On Tue, Feb 19, 2019 at 01:57:14PM -0800, Alexander Duyck wrote:
> On Tue, Feb 19, 2019 at 10:32 AM David Hildenbrand <david@redhat.com> wrote:
> >
> > >>> This essentially just ends up being another trade-off of CPU versus
> > >>> memory though. Assuming we aren't using THP we are going to take a
> > >>> penalty in terms of performance but could then free individual pages
> > >>> less than HUGETLB_PAGE_ORDER, but the CPU utilization is going to be
> > >>> much higher in general even without the hinting.

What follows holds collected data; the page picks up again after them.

(* For $K\ge0$ define $g_0,g_1:[0,1]\to\mathbb{R}$ by $$g_0(u)=\begin{cases}0,&u\in[0,\frac12],\\ (u-\frac12)(1-u)(u-\frac23),&u\in(\frac12,1],\end{cases}\qquad g_1(u)=\begin{cases}0,&u\in[0,\frac1{11}]\cup[\frac12,\frac23],\\ K\operatorname{dist}(u,\{\frac1{11},\frac12\}),&u\in(\frac1{11},\frac12),\\ (u-\frac12)(1-u)(u-\frac23),&u\in(\frac23,1].\end{cases}$$ There are $M>0$ and $a\in(0,\frac1{16})$ (independent of $K$) such that the following hold for solutions $u$ with values in $[0,1]$: (i) If $u_t=u_{xx}+g_0(u)$ on $(0,1)\times\mathbb{R}$ and $u(0,\cdot)\le\chi_{(-\infty,0]}+\frac58\chi_{(0,\infty)}$, then $u(1,\cdot)\le\chi_{(-\infty,M]}+(\frac58-2a)\chi_{(M,\infty)}$. (ii) For all $K\ge0$: if $u_t=u_{xx}+g_1(u)$ on $(1,4)\times\mathbb{R}$ and $u(1,\cdot)\le\chi_{(-\infty,M]}+(\frac58-2a)\chi_{(M,\infty)}$, then $u(4,\cdot)\le\chi_{(-\infty,2M]}+(\frac58-a)\chi_{(2M,\infty)}$. (iii) If $u_t=u_{xx}+g_0(u)$ on $(-1,2)\times\mathbb{R}$ and $u(-1,\cdot)\ge\frac4{11}\chi_{(-M,M)}$, then $\min\{u(0,\cdot),u(2,\cdot)\}\ge\frac3{11}\chi_{(-1,1)}$. (iv) For all large enough $K$: if $u_t=u_{xx}+g_1(u)$ on $(2,3)\times\mathbb{R}$ and $u(2,\cdot)\ge\frac2{11}\chi_{(-1,1)}$, then $u(3,\cdot)\ge\frac5{11}\chi_{(-4M,4M)}$.
   Context: $\chi_A$ denotes the indicator function of the set $A$. Solutions are classical solutions of the stated semilinear heat equations taking values in $[0,1]$ (the domain of $g_0,g_1$). *)

theory Defs
  imports "HOL-Analysis.Analysis"
begin

text \<open>The nonlinearities. Only their values on [0,1] matter (solutions take values in [0,1]).\<close>

definition g0 :: "real \<Rightarrow> real" where
  "g0 u = (if u \<le> 1/2 then 0 else (u - 1/2) * (1 - u) * (u - 2/3))"

definition g1 :: "real \<Rightarrow> real \<Rightarrow> real" where
  "g1 K u = (if u \<le> 1/11 then 0
             else if u < 1/2 then K * infdist u {1/11, 1/2}
             else if u \<le> 2/3 then 0
             else (u - 1/2) * (1 - u) * (u - 2/3))"

text \<open>Here u t x is the value at time t,
  position x.\<close>

definition classical_sol :: "(real \<Rightarrow> real) \<Rightarrow> real \<Rightarrow> real \<Rightarrow> (real \<Rightarrow> real \<Rightarrow> real) \<Rightarrow> bool" where
  "classical_sol f t0 t1 u \<longleftrightarrow>
     continuous_on ({t0..t1} \<times> UNIV) (\<lambda>(t, x). u t x) \<and>
     (\<forall>t\<in>{t0..t1}. \<forall>x. u t x \<in> {0..1}) \<and>
     (\<exists>ut ux uxx :: real \<Rightarrow> real \<Rightarrow> real.
        continuous_on ({t0<..<t1} \<times> UNIV) (\<lambda>(t, x). ut t x) \<and>
        continuous_on ({t0<..<t1} \<times> UNIV) (\<lambda>(t, x). uxx t x) \<and>
        (\<forall>t\<in>{t0<..<t1}. \<forall>x.
           ((\<lambda>s. u s x) has_real_derivative ut t x) (at t) \<and>
           ((\<lambda>y. u t y) has_real_derivative ux t x) (at x) \<and>
           ((\<lambda>y. ux t y) has_real_derivative uxx t x) (at x) \<and>
           ut t x = uxx t x + f (u t x)))"

end

theory Submission
  imports Defs
begin

text \<open>Each bound is a comparison with an explicit sub- or supersolution. The comparison principle
  is a weak maximum principle for bounded functions on the strip \<open>[t\<^sub>0, t\<^sub>1] \<times> \<real>\<close>: an exponential
  time weight turns the one-sided Lipschitz bound on the nonlinearity into strict dissipativity,
  and then a positive supremum cannot be attained. For (i) and (ii) an exponential front
  moving at speed 2 above a level near \<open>5/8\<close> is a supersolution; for (iii) a slowly sinking
  paraboloid stays in the region \<open>u \<le> 1/2\<close> where \<open>g\<^sub>0\<close> vanishes; for (iv) a plateau whose steep edge
  runs outward at speed about 80 is a subsolution once \<open>K\<close> is large.\<close>

section \<open>Comparison principle\<close>

definition heat_derivs ::
  "real \<Rightarrow> real \<Rightarrow> (real \<Rightarrow> real \<Rightarrow> real) \<Rightarrow> (real \<Rightarrow> real \<Rightarrow> real) \<Rightarrow>
   (real \<Rightarrow> real \<Rightarrow> real) \<Rightarrow> (real \<Rightarrow> real \<Rightarrow> real) \<Rightarrow> bool" where
  "heat_derivs t0 t1 w wt wx wxx \<longleftrightarrow>
     (\<forall>t\<in>{t0<..<t1}. \<forall>x.
        ((\<lambda>s. w s x) has_real_derivative wt t x) (at t) \<and>
        ((\<lambda>y. w t y) has_real_derivative wx t x) (at x) \<and>
        ((\<lambda>y. wx t y) has_real_derivative wxx t x) (at x))"

lemma heat_derivs_diff:
  assumes "heat_derivs t0 t1 u ut ux uxx" and "heat_derivs t0 t1 v vt vx vxx"
  shows "heat_derivs t0 t1 (\<lambda>t x. u t x - v t x) (\<lambda>t x. ut t x - vt t x)
           (\<lambda>t x. ux t x - vx t x) (\<lambda>t x. uxx t x - vxx t x)"
  using assms unfolding heat_derivs_def by (auto intro!: derivative_eq_intros)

I figure for x86 we
> > >>> probably don't have too many options since if I am not mistaken
> > >>> MAX_ORDER is just one or two more than HUGETLB_PAGE_ORDER.
> > >>
> > >> THP is an implementation detail in the hypervisor. Yes, it is the common
> > >> case on x86. But it is e.g. not available on s390x yet. And we also want
> > >> this mechanism to work on s390x (e.g. for nested virtualization setups
> > >> as discussed).
> > >>
> > >> If we e.g. report any granularity after merging was done in the buddy,
> > >> we could end up reporting everything from page size up to MAX_SIZE - 1,
> > >> the hypervisor could ignore hints below a certain magic number, if it
> > >> makes its life easier.
> > >
> > > For each architecture we can do a separate implementation of what to
> > > hint on. We already do that for bare metal so why would we have guests
> > > do the same type of hinting in the virtualization case when there are
> > > fundamental differences in page size and features in each
> > > architecture?
> > >
> > > This is another reason why I think the hypercall approach is a better
> > > idea since each architecture is likely going to want to handle things
> > > differently and it would be a pain to try and sort that all out in a
> > > virtio driver.
> >
> > I can't follow. We are talking about something as simple as a minimum
> > page granularity here that can easily be configured. Nothing that
> > screams for different implementations. But I get your point, we could
> > tune for different architectures.
> 
> I was thinking about the guest side of things. Basically if we need to
> define different page orders for different architectures then we start
> needing to do architecture specific includes. Then if we throw in
> stuff like the fact that the first level of KVM can make use of the
> host style hints then that is another thing that will be a difference
> int he different architectures.

Sorry didn't catch this one. What are host style hints?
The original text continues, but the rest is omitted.